Catalase – present in all cells except RBC’s and it can neutralize peroxide. It is stored in peroxisomes. Other way to neutralize peroxide is with glutathione (only thing available to RBC’s b/c they don’t have catalase). So, if you are deficient in this enzyme, there is a problem. So, peroxide increases to the point of hemolyzing RBC’s why would that occur?

B/c if you had an Infection, or if you took an oxidizing drug (ie sulfa drug, nitryl drug), which will lead to a lot more peroxide lying around. Peroxide will not be able to be neutralized if you are deficient in catalase. So, what will happen is the peroxide will affect the Hb. The peroxide will cause the Hb to clump and form Heinz bodies (Hb clumped up together). Will also affect the RBC membrane b/c it damages the membrane so much that the primary mechanism of destruction is intravascular. Little element is extravascular, but mostly intravascular. It is precipitated by infections and/or drugs. 2 MC drugs: 1) primaquine– missionary got malaria, received a drug, and 2-3 days later the got hemoglobinuria, chills, and a hemolytic anemia (this is primaquine induced hemolysis). 2) Dapsone is used in treating leprosy; every person with leprosy is given a screen for G6PD def b/c of the high incidence of producing hemolysis. See this dz in the same population as Beta thal – blacks, Greeks, Italians. Slide: smear with actively hemolyzing blood cells – Heinz bodies – when it goes into the cords of bilroth, the macrophage will take a big bite out of it and sometimes, is a small bite out of the membrane, and the cell goes to the peripheral circulation and is called a “bite” cell (RBC with little membrane). Need to do special stains to ID Heinz bodies. In Greeks or

Italians with severe forms of G6PD def, they can eat fava beans which can precipitate an episode (aka favism).

Dx – when you have an acute hemolytic episode, the last thing you want to get a diagnosis is to get an enzyme assay. Why? B/c the only cells that are hemolyzed are the ones missing the enzymes. The ones that have the enzyme are still gonna be there, so you have a normal assay. So, NEVER use enzyme assays for active hemolysis. Need to special stain to ID the Heinz body. When the hemolytic episode is over that’s when the dx is confirmed, this is done with a G6PD assay. Will get a question on G6PD

deficiency, either dapsone related or primaquine related.

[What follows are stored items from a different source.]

lemma interval_near_mode_exists:
  fixes n \<rho> :: real
  assumes n: "0 \<le> n" and \<rho>: "0 \<le> \<rho>" "\<rho> \<le> 1"
  defines "d \<equiv> 1 / (16 * max n 1)"
  shows "\<exists>c. 0 < c \<and> c + d < 1 \<and> (\<forall>w\<in>{c..c+d}. n * (\<rho> - w)\<^sup>2 \<le> w * (1 - w))"
proof -
  have d: "0 < d" "d \<le> 1/16" by (auto simp: d_def field_simps)
  have nd: "n * (4 * d\<^sup>2) \<le> d / 4"
  proof -
    have "n * (4 * d\<^sup>2) \<le> max n 1 * (4 * d\<^sup>2)" by (intro mult_right_mono) auto
    also have "\<dots> = d / 4" by (simp add: d_def power2_eq_square field_simps)
    finally show ?thesis .
  qed
  \<comment> \<open>an interval of length \<open>d\<close> within \<open>2 d\<close> of \<open>\<rho>\<close>, on the side away from the nearer end of \<open>[0, 1]\<close>\<close>
  define c where "c = (if \<rho> \<le> 1/2 then \<rho> + d else \<rho> - 2 * d)"
  have c: "0 < c" "c + d < 1" using d \<rho> by (auto simp: c_def)
  have "n * (\<rho> - w)\<^sup>2 \<le> w * (1 - w)" if w: "w \<in> {c..c+d}" for w
  proof -
    have "\<bar>\<rho> - w\<bar> \<le> 2 * d" using w d by (auto simp: c_def split: if_splits)
    then have "(\<rho> - w)\<^sup>2 \<le> 4 * d\<^sup>2"
      using abs_le_square_iff[of "\<rho> - w" "2 * d"] d by (simp add: power_mult_distrib)
    then have "n * (\<rho> - w)\<^sup>2 \<le> d / 4"
      using nd n mult_left_mono by fastforce
    also have "d / 4 \<le> w * (1 - w)"
    proof -
      have "d \<le> w \<and> 1/4 \<le> 1 - w \<or> 1/4 \<le> w \<and> d \<le> 1 - w"
        using w d \<rho> by (auto simp: c_def split: if_splits)
      then show ?thesis
        using mult_mono[of d w "1/4" "1 - w"] mult_mono[of "1/4" w d "1 - w"] d by auto
    qed
    finally show ?thesis .
  qed
  with c show ?thesis by blast
qed

lemma Beta_ge_max_loglik:
  fixes a b :: real
  assumes a: "0 \<le> a" and b: "0 \<le> b"
  shows "exp (max_loglik a b - 1) / (16 * max (a + b) 1) \<le> Beta (a + 1) (b + 1)"
proof -
  define d where "d = 1 / (16 * max (a + b) 1)"
  define f where "f w = w powr a * (1 - w) powr b" for w :: real
  have \<rho>: "0 \<le> a / (a + b)" "a / (a + b) \<le> 1" using a b by (auto simp: divide_le_eq)
  obtain c where c: "0 < c" "c + d < 1"
    and near: "\<forall>w\<in>{c..c+d}. (a + b) * (a / (a + b) - w)\<^sup>2 \<le> w * (1 - w)"
    using interval_near_mode_exists[OF _ \<rho>, of "a + b"] a b unfolding d_def by auto
  have sub: "{c..c+d} \<subseteq> {0<..<1}" using c by auto
  have f: "(f has_integral Beta (a + 1) (b + 1)) {0<..<1}"
    unfolding f_def using a b by (intro has_integral_powr_Beta) auto
  then have f_on: "f integrable_on {c..c+d}"
    by (meson has_integral_integrable integrable_on_subinterval sub)
  have "exp (max_loglik a b - 1) * d = integral {c..c+d} (\<lambda>w. exp (max_loglik a b - 1))"
    using d_def by simp
  also have "\<dots> \<le> integral {c..c+d} f"
    using f_on near sub unfolding f_def by (intro integral_le powr_ge_max_loglik a b) auto
  also have "\<dots> \<le> integral {0<..<1} f"
    using f f_on sub by (intro integral_subset_le) (auto simp: f_def)
  also have "\<dots> = Beta (a + 1) (b + 1)"
    using f by (rule integral_unique)
  finally show ?thesis by (simp add: d_def)
qed


lemma ln_Beta_ge_max_loglik:
  fixes a b :: real
  assumes "0 \<le> a" "0 \<le> b"
  shows "max_loglik a b - 1 - ln (16 * max (a + b) 1) \<le> ln (Beta (a + 1) (b + 1))"
proof -
  have "ln (exp (max_loglik a b - 1) / (16 * max (a + b) 1)) \<le> ln (Beta (a + 1) (b + 1))"
    using Beta_ge_max_loglik[OF assms] Beta_real_pos[of "a + 1" "b + 1"] assms
    by (subst ln_le_cancel_iff) auto
  moreover have "ln (exp (max_loglik a b - 1) / (16 * max (a + b) 1))
      = max_loglik a b - 1 - ln (16 * max (a + b) 1)"
    by (subst ln_div) auto
  ultimately show ?thesis by linarith
qed

section \<open>The sine-squared grid\<close>

definition grid_angle :: "nat \<Rightarrow> nat \<Rightarrow> real" where
  "grid_angle K i = pi *
     (if i = 0 then 1 / (4 * real K) else if i < K then real i / (2 * real K) else 1/2 - 1 / (4 * real K))"

lemma zgrid_eq_sin_grid_angle: "zgrid K i = (sin (grid_angle K i))\<^sup>2"
proof -
  have "cos (pi / (4 * real K)) = sin (pi * (1/2 - 1 / (4 * real K)))"
    by (simp add: cos_sin_eq right_diff_distrib)
  then show ?thesis
    by (simp add: zgrid_def grid_angle_def)
qed

lemma grid_angle_bounds:
  assumes "2 \<le> K"
  shows "0 < grid_angle K i" "grid_angle K i < pi / 2"
proof -
  have "real i < real K" if "i < K" using that by simp
  then have "0 < grid_angle K i / pi \<and> grid_angle K i / pi < 1/2"
    using assms by (auto simp: grid_angle_def field_simps)
  then show "0 < grid_angle K i" "grid_angle K i < pi / 2"
    by (simp_all add: field_simps)
qed

lemma grid_angle_strict_mono:
  assumes K: "2 \<le> K" and ij: "i < j" "j \<le> K"
  shows "grid_angle K i < grid_angle K j"
proof -
  have "real i + 1 \<le> real j" "real j \<le> real K" "2 \<le> real K" using ij K by auto
  moreover have "real K * (real i + 1) \<le> real K * real K" if "i < K"
    using that by (intro mult_left_mono) auto
  ultimately have "grid_angle K i / pi < grid_angle K j / pi"
    using ij by (auto simp: grid_angle_def field_simps)
  then show ?thesis by (simp add: divide_strict_right_mono_neg field_simps)
qed

lemma grid_angle_steps:
  assumes K: "2 \<le> K" and i: "i < K"
  shows "grid_angle K (Suc i) - grid_angle K i \<le> pi / (2 * real K)"
    and "grid_angle K (Suc i) \<le> 2 * grid_angle K i"
    and "pi / 2 - grid_angle K i \<le> 2 * (pi / 2 - grid_angle K (Suc i))"
proof -
  define r where "r j = grid_angle K j / pi" for j
  have angle: "grid_angle K j = pi * r j" for j by (simp add: r_def)
  have r: "r j = (if j = 0 then 1 / (4 * real K) else if j < K then real j / (2 * real K)
      else 1/2 - 1 / (4 * real K))" for j
    by (simp add: r_def grid_angle_def)
  have K2: "2 \<le> real K" using K by simp
  consider "i = 0" | "0 < i" "Suc i < K" | "0 < i" "Suc i = K" using i by linarith
  then have "r (Suc i) - r i \<le> 1 / (2 * real K) \<and> r (Suc i) \<le> 2 * r i \<and>
      1/2 - r i \<le> 2 * (1/2 - r (Suc i))"
  proof cases
    case 1
    then show ?thesis using K K2 by (simp add: r field_simps)
  next
    case 2
    then have "real K * (real i + 2) \<le> real K * real K" by (intro mult_left_mono) auto
    then show ?thesis using 2 K2 by (simp add: r field_simps)
  next
    case 3
    then have "real i + 1 = real K" by linarith
    then have e: "r i = 1/2 - 1 / (2 * real K)" "r (Suc i) = 1/2 - 1 / (4 * real K)"
      using 3 K2 by (simp_all add: r field_simps)
    show ?thesis unfolding e using K2 by (simp add: field_simps)
  qed
  then have r: "r (Suc i) - r i \<le> 1 / (2 * real K)" "r (Suc i) \<le> 2 * r i"
    "1/2 - r i \<le> 2 * (1/2 - r (Suc i))"
    by auto
  show "grid_angle K (Suc i) - grid_angle K i \<le> pi / (2 * real K)"
    using mult_left_mono[OF r(1) pi_ge_zero] by (simp add: angle algebra_simps)
  show "grid_angle K (Suc i) \<le> 2 * grid_angle K i"
    using mult_left_mono[OF r(2) pi_ge_zero] by (simp add: angle algebra_simps)
  show "pi / 2 - grid_angle K i \<le> 2 * (pi / 2 - grid_angle K (Suc i))"
    using mult_left_mono[OF r(3) pi_ge_zero] by (simp add: angle algebra_simps)
qed

lemma zgrid_strict_mono:
  assumes K: "2 \<le> K" and ij: "i < j" "j \<le> K"
  shows "zgrid K i < zgrid K j"
proof -
  have "sin (grid_angle K i) < sin (grid_angle K j)"
    using grid_angle_strict_mono[OF assms] grid_angle_bounds[OF K, of i] grid_angle_bounds[OF K, of j]
    by (intro sin_monotone_2pi) auto
  moreover have "0 < sin (grid_angle K i)"
    using grid_angle_bounds[OF K, of i] by (intro sin_gt_zero2) auto
  ultimately show ?thesis
    unfolding zgrid_eq_sin_grid_angle by (intro power_strict_mono) auto
qed

lemma zgrid_mono: "2 \<le> K \<Longrightarrow> i \<le> j \<Longrightarrow> j \<le> K \<Longrightarrow> zgrid K i \<le> zgrid K j"
  using zgrid_strict_mono[of K i j] by (cases "i = j") auto

lemma zgrid_bounds:
  assumes K: "2 \<le> K"
  shows "0 < zgrid K i" "zgrid K i < 1"
proof -
  have "0 < sin (grid_angle K i)" "0 < cos (grid_angle K i)"
    using grid_angle_bounds[OF K, of i] by (auto intro: sin_gt_zero2 cos_gt_zero)
  then show "0 < zgrid K i" "zgrid K i < 1"
    by (simp_all add: zgrid_eq_sin_grid_angle) (simp add: sin_squared_eq)
qed

lemma pi_squared_le_16: "pi\<^sup>2 \<le> 16"
  using power_mono[of pi 4 2] pi_less_4 pi_gt_zero by simp

lemma zgrid_ends:
  assumes K: "2 \<le> K"
  shows "zgrid K 0 \<le> 1 / (real K)\<^sup>2" "1 - zgrid K K \<le> 1 / (real K)\<^sup>2"
proof -
  define x where "x = pi / (4 * real K)"
  have "0 \<le> sin x" "sin x \<le> x"
    using K pi_gt_zero by (auto intro!: sin_ge_zero sin_x_le_x simp: x_def divide_le_eq)
  then have "(sin x)\<^sup>2 \<le> x\<^sup>2" by (intro power_mono)
  also have "\<dots> \<le> 1 / (real K)\<^sup>2"
    using pi_squared_le_16 K by (simp add: x_def power_divide field_simps)
  finally have "(sin x)\<^sup>2 \<le> 1 / (real K)\<^sup>2" .
  then show "zgrid K 0 \<le> 1 / (real K)\<^sup>2" "1 - zgrid K K \<le> 1 / (real K)\<^sup>2"
    using K by (simp_all add: zgrid_def x_def cos_squared_eq)
qed

lemma sin_le_double_sin:
  fixes x y :: real
  assumes "0 \<le> x" "x \<le> 2 * y" "y \<le> pi / 2"
  shows "sin x \<le> 2 * sin y"
proof -
  have "sin x = 2 * sin (x / 2) * cos (x / 2)" using sin_double[of "x / 2"] by simp
  also have "\<dots> \<le> 2 * sin (x / 2)"
    using assms by (simp add: mult_left_le sin_ge_zero)
  also have "\<dots> \<le> 2 * sin y"
    using assms by (simp add: sin_monotone_2pi_le)
  finally show ?thesis .
qed

lemma sin_power2_diff:
  fixes x y :: real
  shows "(sin x)\<^sup>2 - (sin y)\<^sup>2 = sin (x - y) * sin (x + y)"
proof -
  have "sin (x - y) * sin (x + y) = (sin x)\<^sup>2 * (cos y)\<^sup>2 - (cos x)\<^sup>2 * (sin y)\<^sup>2"
    by (simp only: sin_diff sin_add) (simp add: power2_eq_square algebra_simps)
  also have "\<dots> = (sin x)\<^sup>2 - (sin y)\<^sup>2"
    by (simp add: cos_squared_eq algebra_simps)
  finally show ?thesis by simp
qed

text \<open>The two doubling hypotheses say that neither \<open>sin\<close> nor \<open>cos\<close> changes by more than a
  factor 2 between \<open>\<alpha>\<close> and \<open>\<beta>\<close>.\<close>
lemma sin_power2_increment_le:
  fixes \<alpha> \<beta> :: real
  assumes "0 < \<alpha>" "\<alpha> < \<beta>" "\<beta> < pi / 2"
    and "\<beta> \<le> 2 * \<alpha>" "pi / 2 - \<alpha> \<le> 2 * (pi / 2 - \<beta>)"
  shows "0 \<le> (sin \<beta>)\<^sup>2 - (sin \<alpha>)\<^sup>2"
    and "(sin \<beta>)\<^sup>2 - (sin \<alpha>)\<^sup>2 \<le> 5 * (\<beta> - \<alpha>) * (sin \<alpha> * cos \<alpha>)"
proof -
  have sin_pos: "0 < sin \<alpha>" "0 < sin \<beta>" and cos_pos: "0 < cos \<alpha>" "0 < cos \<beta>"
    using assms by (auto intro: sin_gt_zero2 cos_gt_zero)
  have "cos \<beta> \<le> cos \<alpha>" using assms by (intro cos_monotone_0_pi_le) auto
  have "sin \<beta> \<le> 2 * sin \<alpha>" using assms by (intro sin_le_double_sin) auto
  moreover have "cos \<alpha> \<le> 2 * cos \<beta>"
    using sin_le_double_sin[of "pi / 2 - \<alpha>" "pi / 2 - \<beta>"] assms by (simp add: sin_cos_eq)
  ultimately have "sin \<beta> * cos \<alpha> \<le> (2 * sin \<alpha>) * (2 * cos \<beta>)"
    using sin_pos cos_pos by (intro mult_mono) auto
  moreover have "sin \<alpha> * cos \<beta> \<le> sin \<alpha> * cos \<alpha>"
    using \<open>cos \<beta> \<le> cos \<alpha>\<close> sin_pos by (simp add: mult_left_mono)
  ultimately have "sin (\<beta> + \<alpha>) \<le> 5 * (sin \<alpha> * cos \<alpha>)"
    by (simp add: sin_add mult.commute)
  moreover have "0 \<le> sin (\<beta> + \<alpha>)" "0 \<le> sin (\<beta> - \<alpha>)" "sin (\<beta> - \<alpha>) \<le> \<beta> - \<alpha>"
    using assms by (auto intro: sin_ge_zero sin_x_le_x)
  ultimately have "sin (\<beta> - \<alpha>) * sin (\<beta> + \<alpha>) \<le> (\<beta> - \<alpha>) * (5 * (sin \<alpha> * cos \<alpha>))"
    and "0 \<le> sin (\<beta> - \<alpha>) * sin (\<beta> + \<alpha>)"
    using assms by (auto intro: mult_mono)
  then show "0 \<le> (sin \<beta>)\<^sup>2 - (sin \<alpha>)\<^sup>2"
    and "(sin \<beta>)\<^sup>2 - (sin \<alpha>)\<^sup>2 \<le> 5 * (\<beta> - \<alpha>) * (sin \<alpha> * cos \<alpha>)"
    unfolding sin_power2_diff by (simp_all add: algebra_simps)
qed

X. Autoimmune hemolytic anemias

Warm reacting antibodies are IgG and cold reacting is IgM MC autoimmune hemolytic anemia = warm; MCC of it = Lupus

When you have autoimmune dz in your family, you have certain HLA types that predispose you to that autoimmune dz. Therefore, you should not be surprised if you have one autoimmune dz you’re likely to have another. So, pts with lupus commonly also have autoimmune hemolytic anemia, autoimmune thrombocytopenia, autoimmune neutropenia, and autoimmune

lymphopenia.

For example: the MCC of hypothyroidism = hashimoto’s thyroiditis; these pts commonly have other autoimmune dz’s – ie pernicious anemia, vitiligo, autoimmune destruction of melanocytes).

So, if you have one autoimmune dz, you are likely to have others (ie if you have a hemolytic prob, it is prob autoimmune related).

This is b/c of the HLA relationship. Therefore, if you have a family that has an autoimmune dz, what would be the single best screening test to use? HLA (ie if they have the HLA type specific for lupus – there are specific HLA’s for diff dz’s). Therefore, HLA is the best way to see if pt is predisposed to something.

MCC autoimmune anemia = Lupus; it has IgG and C3b on the surface of the RBC, so it will be removed by the macrophage. This is an extravascular hemolytic anemia. How do we know that there are IgG or C3b Ab’s on the surface? Direct Coomb’s test: detect DIRECTLY the presence of IgG and/or C3b on the surface of RBC’s. Indirect coombs is what the women get, when they are pregnant and they do an Ab screen on you (looking for any kind of Ab); so, when you look for Ab in the serum (NOT on RBC, on SERUM), this is an indirect Coombs. Therefore, another name for the indirect Coombs = Ab screen; with direct coombs, we are detecting IgG and/or C3b on the SURFACE of RBC’s. you cannot do direct coomb’s on platelets or neutrophils, but only RBC’s.

So, the test of choice if you suspect an autoimmune hemolytic anemia is Coomb’s test.